Thanks to my partner who caught my supper today we did a little better fishing a high Choctawhatchee river. We fished the general Cerro Gordo area this morning. Saw a half dozen boats of folks out hunting, but we were the only boat fishing. 

Today was third trip in a row that I have failed to make a contribution to the cooler. My partner caught all the fish on two of those three trips. He did it again today with a decent mess of eating size blues and channels. Bait used was a shrimp cocktail of shrimp and menhaden oil in the Wrap. Expermenting we tried menhaden marinated in Catfish Nectar and menhaden enhanced with menhaden oil. They did not work. 

Worst case of snake bite I have had in a long time. On the way home I think I figured out the problem. I furnished the tackle and let him use my favorite rod with green mono. My rod had orange mono today. That's got to be the problem which I will correct post haste the next time we fish cats together..... I want my green mono back.....LOL. 

The catch today. The largest about 5 lbs., maybe more. Belly full of crawfish as well as some of the others.

Note: My partner is about 45 years younger than me and is a fishing guide in Alaska during the summer months. He has a gift for setting a hook. That could be a factor as well.


----------



## JoeyWelch (Sep 25, 2009)

Nice eaters there. Some of my trips the fish only bite on one side of the boat too. It’s usually the side that I’m not on. 

Still good to be out there though. Thanks for sharing.


----------



## Rickpcfl (Nov 12, 2013)

Thanks for taking the time to post your fishing reports.
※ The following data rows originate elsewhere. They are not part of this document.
(* Let $L\ge 1$ and $n\ge0$ be integers. Let $\tilde A_{L,0}(n)$ be the number of partitions $\pi$ of $n$ into parts congruent to $\pm1\pmod 8$ with largest part at most $8L-1$, such that $\nu(\pi,1)\ge\nu(\pi,7)$ and, writing $D=\nu(\pi,1)-\nu(\pi,7)$, at least one of the following holds: (i) $3\mid D$ and $\mu(\pi,1)\ge \tfrac23 D$; (ii) $5\mid D$, $3\nmid D$, and $\mu(\pi,1)\ge\tfrac45 D$; (iii) $D\equiv -8\pmod{15}$, $\mu(\pi,7)>0$, and $\mu(\pi,1)\ge\tfrac15(4D-3)$. Then $\tilde A_{L,0}(n)=A_{L,1}(n)$, where $A_{L,1}(n)$ is the number of partitions of $n$ into parts congruent to $\pm3\pmod 8$ with largest part at most $8L-3$.
   Context: For a partition $\pi$, $\nu(\pi,i)$ denotes the number of parts of $\pi$ congruent to $i\pmod 8$, and $\mu(\pi,i)$ denotes the number of parts of $\pi$ equal to $i$. *)

theory Defs
  imports Main "HOL-Library.Multiset"
begin

definition partitions :: "nat \<Rightarrow> nat multiset set" where
  "partitions n = {p. (\<forall>x\<in>#p. 0 < x) \<and> sum_mset p = n}"

definition nu :: "nat multiset \<Rightarrow> nat \<Rightarrow> nat" where
  "nu p i = size (filter_mset (\<lambda>x. x mod 8 = i mod 8) p)"

definition mu :: "nat multiset \<Rightarrow> nat \<Rightarrow> nat" where
  "mu p i = count p i"

definition A_tilde_L0 :: "nat \<Rightarrow> nat \<Rightarrow> nat" where
  "A_tilde_L0 L n = card {p \<in> partitions n.
      (\<forall>x\<in>#p. (x mod 8 = 1 \<or> x mod 8 = 7) \<and> x \<le> 8 * L - 1) \<and>
      nu p 1 \<ge> nu p 7 \<and>
      (let D = int (nu p 1) - int (nu p 7) in
         (3 dvd D \<and> 3 * int (mu p 1) \<ge> 2 * D) \<or>
         (5 dvd D \<and> \<not> 3 dvd D \<and> 5 * int (mu p 1) \<ge> 4 * D) \<or>
         (D mod 15 = (-8) mod 15 \<and> mu p 7 > 0 \<and> 5 * int (mu p 1) \<ge> 4 * D - 3))}"

definition A_L1 :: "nat \<Rightarrow> nat \<Rightarrow> nat" where
  "A_L1 L n = card {p \<in> partitions n.
      \<forall>x\<in>#p. (x mod 8 = 3 \<or> x mod 8 = 5) \<and> x \<le> 8 * L - 3}"

end
(* Let $\sigma_e>0$, $\beta=(\beta_2,\beta_1)^T\in\mathbb{R}^2$. For every integer $n>2$ let $x_1,\dots,x_n\in\mathbb{R}$ be deterministic (possibly depending on $n$), $X_n$ the $n\times2$ matrix with rows $(1,x_i)$, $Y_n=(y_1,\dots,y_n)^T\sim\mathcal{N}(X_n\beta,\sigma_e^2I_{n\times n})$, and let $\Delta_n>0$, $\rho_n>0$ be sequences. Assume: (1) $\bar x\to c_x$, $\overline{x^2}\to c_{x^2}$ with $c_{x^2}>c_x^2$; (2) $\eta_n^2\to\eta^2$ for some $\eta\in\mathbb{R}$, where $\eta_n^2=\|X_n\beta-X_n\beta^N\|^2/\sigma_e^2$, $\beta^N=(\beta_2+\beta_1\bar x,0)^T$; (3) $\Delta_n^2/(\rho_nn)\to0$, $\Delta_n^4/(\rho_nn)\to0$; (4) $\mathbb{P}[\exists i,\ y_i\notin[-\Delta_n,\Delta_n]]\to0$ and $x_i\in[-\Delta_n,\Delta_n]$ for all $i$. Then $\sqrt n(\tilde\beta^N-\hat\beta^N)\xrightarrow{P}0$ and $\sqrt n(\tilde\beta-\hat\beta)\xrightarrow{P}0$.
   Context: $\bar x=\frac1n\sum x_i$, $\overline{x^2}=\frac1n\sum x_i^2$, $\bar y=\frac1n\sum y_i$, $\overline{xy}=\frac1n\sum x_iy_i$. Non-private estimates: $\hat\beta_1=\frac{\overline{xy}-\bar x\bar y}{\overline{x^2}-\bar x^2}$, $\hat\beta_2=\bar y-\hat\beta_1\bar x$, $\hat\beta=(\hat\beta_2,\hat\beta_1)^T$, $\hat\beta^N=(\bar y,0)^T$. $[z]_a^b$ is $z$ clipped to $[a,b]$. With $\Delta=\Delta_n$, $\rho'=\rho_n/5$ and independent Gaussian noises: $\tilde{\bar x}=\frac1n\sum_i[x_i]_{-\Delta}^{\Delta}+\mathcal{N}(0,\frac{2\Delta^2}{\rho'n^2})$, $\tilde{\bar y}=\frac1n\sum_i[y_i]_{-\Delta}^{\Delta}+\mathcal{N}(0,\frac{2\Delta^2}{\rho'n^2})$, $\widetilde{\overline{x^2}}=\frac1n\sum_i[x_i^2]_0^{\Delta^2}+\mathcal{N}(0,\frac{\Delta^4}{2\rho'n^2})$, $\widetilde{\overline{xy}}=\frac1n\sum_i[x_iy_i]_{-\Delta^2}^{\Delta^2}+\mathcal{N}(0,\frac{2\Delta^4}{\rho'n^2})$; $\tilde\beta_1=\frac{\widetilde{\overline{xy}}-\tilde{\bar x}\tilde{\bar y}}{\widetilde{\overline{x^2}}-\tilde{\bar x}^2}$, $\tilde\beta_2=\frac{\tilde{\bar y}\widetilde{\overline{x^2}}-\tilde{\bar x}\widetilde{\overline{xy}}}{\widetilde{\overline{x^2}}-\tilde{\bar x}^2}$, $\tilde\beta=(\tilde\beta_2,\tilde\beta_1)^T$, $\tilde\beta^N=(\tilde{\bar y},0)^T$. Convergence is as $n\to\infty$. *)

theory Defs
  imports "HOL-Probability.Probability"
begin
lemma summable_n_exp:
  assumes "0 < c" shows "summable (\<lambda>n. real n * exp (- c * real n))"
proof (rule summable_comparison_test[OF _ summable_sq_exp[OF assms]])
  have "real n \<le> real n ^ 2" for n by (cases n) (auto simp: power2_eq_square)
  then show "\<exists>N. \<forall>n\<ge>N. norm (real n * exp (- c * real n)) \<le> real n ^ 2 * exp (- c * real n)"
    by (auto intro!: mult_right_mono)
qed

lemma moment2_bound:
  assumes "0 < c" "c \<le> phi \<delta> T"
  shows "summable (\<lambda>n. real n ^ 2 * pT \<delta> T n)"
    "xi_moment2 \<delta> T \<le> exp \<delta> * (\<Sum>n. real n ^ 2 * exp (- c * real n))"
proof -
  have dom: "real n ^ 2 * pT \<delta> T n \<le> exp \<delta> * (real n ^ 2 * exp (- c * real n))" for n
    using mult_left_mono[OF pT_le[OF assms(2), of n], of "real n ^ 2"] by (simp add: algebra_simps)
  have s: "summable (\<lambda>n. exp \<delta> * (real n ^ 2 * exp (- c * real n)))"
    using summable_sq_exp[OF assms(1)] by (rule summable_mult)
  show sm: "summable (\<lambda>n. real n ^ 2 * pT \<delta> T n)"
    by (rule summable_comparison_test[OF _ s]) (use dom pT_nonneg in auto)
  have "xi_moment2 \<delta> T \<le> (\<Sum>n. exp \<delta> * (real n ^ 2 * exp (- c * real n)))"
    unfolding xi_moment2_def by (rule suminf_le[OF dom sm s])
  also have "\<dots> = exp \<delta> * (\<Sum>n. real n ^ 2 * exp (- c * real n))"
    by (rule suminf_mult[OF summable_sq_exp[OF assms(1)]])
  finally show "xi_moment2 \<delta> T \<le> exp \<delta> * (\<Sum>n. real n ^ 2 * exp (- c * real n))" .
qed

text \<open>The means converge: pointwise convergence of the weights (qT is eventually
  constant, phi converges) with the uniform dominating sequence e^delta n e^{-c n}.\<close>

lemma mean_conv:
  assumes "0 < \<delta>" shows "(\<lambda>T. xi_mean \<delta> (enat T)) \<longlonglongrightarrow> xi_mean \<delta> \<infinity>"
  unfolding xi_mean_def
proof (rule tannerys_theorem[THEN conjunct2, THEN conjunct2])
  define c where "c = phi \<delta> \<infinity> / 2"
  have c: "0 < c" "c < phi \<delta> \<infinity>" using phi_inf(3)[OF assms] by (auto simp: c_def)
  obtain K where K: "\<And>T. K < T \<Longrightarrow> c < phi \<delta> (enat T)" using phi_lower_unif[OF assms c] by blast
  show "((\<lambda>T. real k * pT \<delta> (enat T) k) \<longlongrightarrow> real k * pT \<delta> \<infinity> k) sequentially" for k
  proof (rule Lim_transform_eventually)
    show "((\<lambda>T. real k * (exp \<delta> * qT \<infinity> k * exp (- phi \<delta> (enat T) * real k)))
            \<longlongrightarrow> real k * pT \<delta> \<infinity> k) sequentially"
      unfolding pT_def by (intro tendsto_intros phi_conv[OF assms])
    show "eventually (\<lambda>T. real k * (exp \<delta> * qT \<infinity> k * exp (- phi \<delta> (enat T) * real k))
            = real k * pT \<delta> (enat T) k) sequentially"
      using eventually_gt_at_top[of k] by eventually_elim (simp add: qT_fin pT_def)
  qed
  show "eventually (\<lambda>(k, T). norm (real k * pT \<delta> (enat T) k) \<le> exp \<delta> * (real k * exp (- c * real k)))
          (at_top \<times>\<^sub>F sequentially)"
    unfolding eventually_prod_filter
  proof (intro exI conjI allI impI)
    show "eventually (\<lambda>T. K < T) sequentially" by (rule eventually_gt_at_top)
    fix k T assume "K < T"
    then have "pT \<delta> (enat T) k \<le> exp \<delta> * exp (- c * real k)"
      using K by (intro pT_le) (simp add: less_imp_le)
    then have "real k * pT \<delta> (enat T) k \<le> real k * (exp \<delta> * exp (- c * real k))"
      by (rule mult_left_mono) simp
    then show "case (k, T) of (k, T) \<Rightarrow> norm (real k * pT \<delta> (enat T) k) \<le> exp \<delta> * (real k * exp (- c * real k))"
      by (simp add: abs_mult pT_nonneg algebra_simps)
  qed simp
  show "summable (\<lambda>k. exp \<delta> * (real k * exp (- c * real k)))"
    using summable_n_exp[OF c(1)] by (rule summable_mult)
qed simp

section \<open>Chebyshev bounds for the renewal process at fixed T\<close>

text \<open>Setting for one period T: phi(delta,T) solves Q_T = e^{-delta}, so p_T is a
  probability on N, and its second moment is finite.\<close>

locale renewal_law =
  fixes \<delta> :: real and T :: enat
  assumes laplace_summable_phi: "summable (\<lambda>n. qT T n * exp (- phi \<delta> T * real n))"
    and laplace_phi: "QT T (phi \<delta> T) = exp (- \<delta>)"
    and summable_moment2: "summable (\<lambda>n. real n ^ 2 * pT \<delta> T n)"
begin

abbreviation "X \<equiv> xi_law \<delta> T"
abbreviation "P \<equiv> Pdt \<delta> T"

lemma summable_pT: "summable (pT \<delta> T)"
  unfolding pT_def using summable_mult[OF laplace_summable_phi, of "exp \<delta>"] by (simp add: mult.assoc)

lemma sum_pT: "(\<Sum>n. pT \<delta> T n) = 1"
proof -
  have "(\<Sum>n. pT \<delta> T n) = exp \<delta> * QT T (phi \<delta> T)"
    unfolding pT_def QT_def using suminf_mult[OF laplace_summable_phi, of "exp \<delta>"]
    by (simp add: mult.assoc)
  then show ?thesis using laplace_phi by (simp add: exp_minus)
qed

lemma summable_moment1: "summable (\<lambda>n. real n * pT \<delta> T n)"
proof (rule summable_comparison_test[OF _ summable_moment2])
  have "real n \<le> real n ^ 2" for n by (cases n) (auto simp: power2_eq_square)
  then show "\<exists>N. \<forall>n\<ge>N. norm (real n * pT \<delta> T n) \<le> real n ^ 2 * pT \<delta> T n"
    by (auto simp: pT_nonneg intro!: mult_right_mono)
qed

lemma prob_space_X: "prob_space X"
proof
  have "emeasure X (space X) = (\<integral>\<^sup>+ n. ennreal (pT \<delta> T n) \<partial>count_space UNIV)"
    unfolding xi_law_eq by (simp add: emeasure_density)
  also have "\<dots> = ennreal (\<Sum>n. pT \<delta> T n)"
    by (simp add: nn_integral_count_space_nat suminf_ennreal2 pT_nonneg summable_pT)
  finally show "emeasure X (space X) = 1" using sum_pT by simp
qed

lemma integral_X:
  assumes "summable (\<lambda>n. \<bar>g n\<bar> * pT \<delta> T n)"
  shows "integrable X g" "integral\<^sup>L X g = (\<Sum>n. g n * pT \<delta> T n)"
proof -
  have i: "integrable (count_space UNIV) (\<lambda>n. pT \<delta> T n *\<^sub>R g n)"
    using assms by (auto simp: integrable_count_space_nat_iff abs_mult pT_nonneg mult.commute)
  then show "integrable X g"
    unfolding xi_law_eq by (subst integrable_density) (auto simp: pT_nonneg)
  have "integral\<^sup>L X g = integral\<^sup>L (count_space UNIV) (\<lambda>n. pT \<delta> T n *\<^sub>R g n)"
    unfolding xi_law_eq by (rule integral_density) (auto simp: pT_nonneg)
  also have "\<dots> = (\<Sum>n. pT \<delta> T n *\<^sub>R g n)" by (rule integral_count_space_nat[OF i])
  finally show "integral\<^sup>L X g = (\<Sum>n. g n * pT \<delta> T n)" by (simp add: mult.commute)
qed

lemma integral_X_id: "integrable X real" "integral\<^sup>L X real = xi_mean \<delta> T"
  using integral_X[of real] summable_moment1 by (auto simp: xi_mean_def)

lemma integral_X_sq:
  "integrable X (\<lambda>n. real n ^ 2)" "integral\<^sup>L X (\<lambda>n. real n ^ 2) = xi_moment2 \<delta> T"
  using integral_X[of "\<lambda>n. real n ^ 2"] summable_moment2 by (auto simp: xi_moment2_def)
lemma card_singular_chains:
  assumes "finite (verts G)" "1 \<le> k"
  shows "card {cs \<in> chains H {} k. singular_at G cs J} =
    (\<Sum>p\<in>{0..k-1}. card (chains H J p) * card (prefix_chains (k - 1 - p)))"
proof -
  have "card {cs \<in> chains H {} k. singular_at G cs J} =
      (\<Sum>p\<in>{0..k-1}. card (conc (prefix_chains (k - 1 - p)) (chains H J p)))"
    unfolding singular_chains_eq[OF assms(2)]
  proof (rule card_UN_disjoint)
    show "\<forall>p\<in>{0..k - 1}. finite (conc (prefix_chains (k - 1 - p)) (chains H J p))"
      using assms(1) verts_eq by (simp add: finite_conc finite_prefix_chains chains_finite)
    show "\<forall>p\<in>{0..k-1}. \<forall>p'\<in>{0..k-1}. p \<noteq> p' \<longrightarrow>
        conc (prefix_chains (k - 1 - p)) (chains H J p) \<inter>
        conc (prefix_chains (k - 1 - p')) (chains H J p') = {}"
    proof (intro ballI impI equals0I)
      fix p p' cs assume "p \<noteq> p'" and cs: "cs \<in> conc (prefix_chains (k - 1 - p)) (chains H J p) \<inter>
        conc (prefix_chains (k - 1 - p')) (chains H J p')"
      then obtain b a J' b' a' where "cs = b @ a" "a \<in> chains H J p" "J' \<in> EC (induced G J)"
        "b \<in> chains (induced G J') {} (k - 1 - p)" "cs = b' @ a'" "a' \<in> chains H J p'"
        unfolding conc_def prefix_chains_def by blast
      then have "p = p'" using append_singular_chain_unique by metis
      with \<open>p \<noteq> p'\<close> show False ..
    qed
  qed simp
  also have "\<dots> = (\<Sum>p\<in>{0..k-1}. card (chains H J p) * card (prefix_chains (k - 1 - p)))"
    using card_conc[OF ballI[OF length_prefix_chains]] by (simp add: mult.commute)
  finally show ?thesis .
qed

end

theorem mainTheorem6:
  fixes G :: "'a graph" and e J :: "'a set" and i k :: nat
  assumes "finite_simple_graph G"
    and "card (verts G) = 2 * i" and "i \<ge> 1"
    and "e = {u, v}" and "u \<noteq> v" and "u \<in> verts G" and "v \<in> verts G"
    and "J \<in> EC (add_edge G e) - EC G"
    and "1 \<le> k" and "k \<le> i"
  shows "card {cs \<in> chains (add_edge G e) {} k. singular_at G cs J} =
    (\<Sum>p\<in>{0..k-1}. nchains (add_edge G e) J p *
        (\<Sum>J'\<in>EC (induced G J). nchains (induced G J') {} (k - 1 - p)))"
proof -
  interpret singular_set G "add_edge G e" J
    using assms(8) EC_add_edge[of G e] by unfold_locales auto
  have fin: "finite (verts G)"
    using assms(1) by (simp add: finite_simple_graph_def)
  have "nchains (add_edge G e) J p = card (chains (add_edge G e) J p)" for p
    using fin assms(2) EC_card_even[OF J_in_EC] by (simp add: nchains_eq_card)
  moreover have "nchains (induced G J') {} q = card (chains (induced G J') {} q)"
    if "J' \<in> EC (induced G J)" for J' q
  proof -
    have "finite J'" using that finite_J[OF fin] finite_EC_mem[of "induced G J"] by simp
    then show ?thesis using EC_card_even[OF that] by (simp add: nchains_eq_card)
  qed
  ultimately show ?thesis
    using card_singular_chains[OF fin assms(9)] card_prefix_chains[OF fin] by simp
qed

end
I always enjoy reading them.


----------



## jaster (Oct 7, 2007)

Good report!


----------



## Jason (Oct 2, 2007)

You ever try bonita chunks? My guide in South Florida said he had some tourney cat guys come down and caught a few then took em back home (not sure where somewhere up north) and used em as bait fer kitties....they told him it was like cheating....


----------



## FishWalton (Jul 22, 2010)

Jason said:


> You ever try bonita chunks? My guide in South Florida said he had some tourney cat guys come down and caught a few then took em back home (not sure where somewhere up north) and used em as bait fer kitties....they told him it was like cheating....



Goes to show catfish will eat all sorts of stuff. Thanks for the bonita tip. Will put an order in with a couple of my offshore friends to bring me one.


----------



## JoeyWelch (Sep 25, 2009)

Jason said:


> You ever try bonita chunks? My guide in South Florida said he had some tourney cat guys come down and caught a few then took em back home (not sure where somewhere up north) and used em as bait fer kitties....they told him it was like cheating....












This fish was caught on a Bonita chunk. Doesn’t have to be a big piece either. If you have a way of getting some fresh ones, try it out.


----------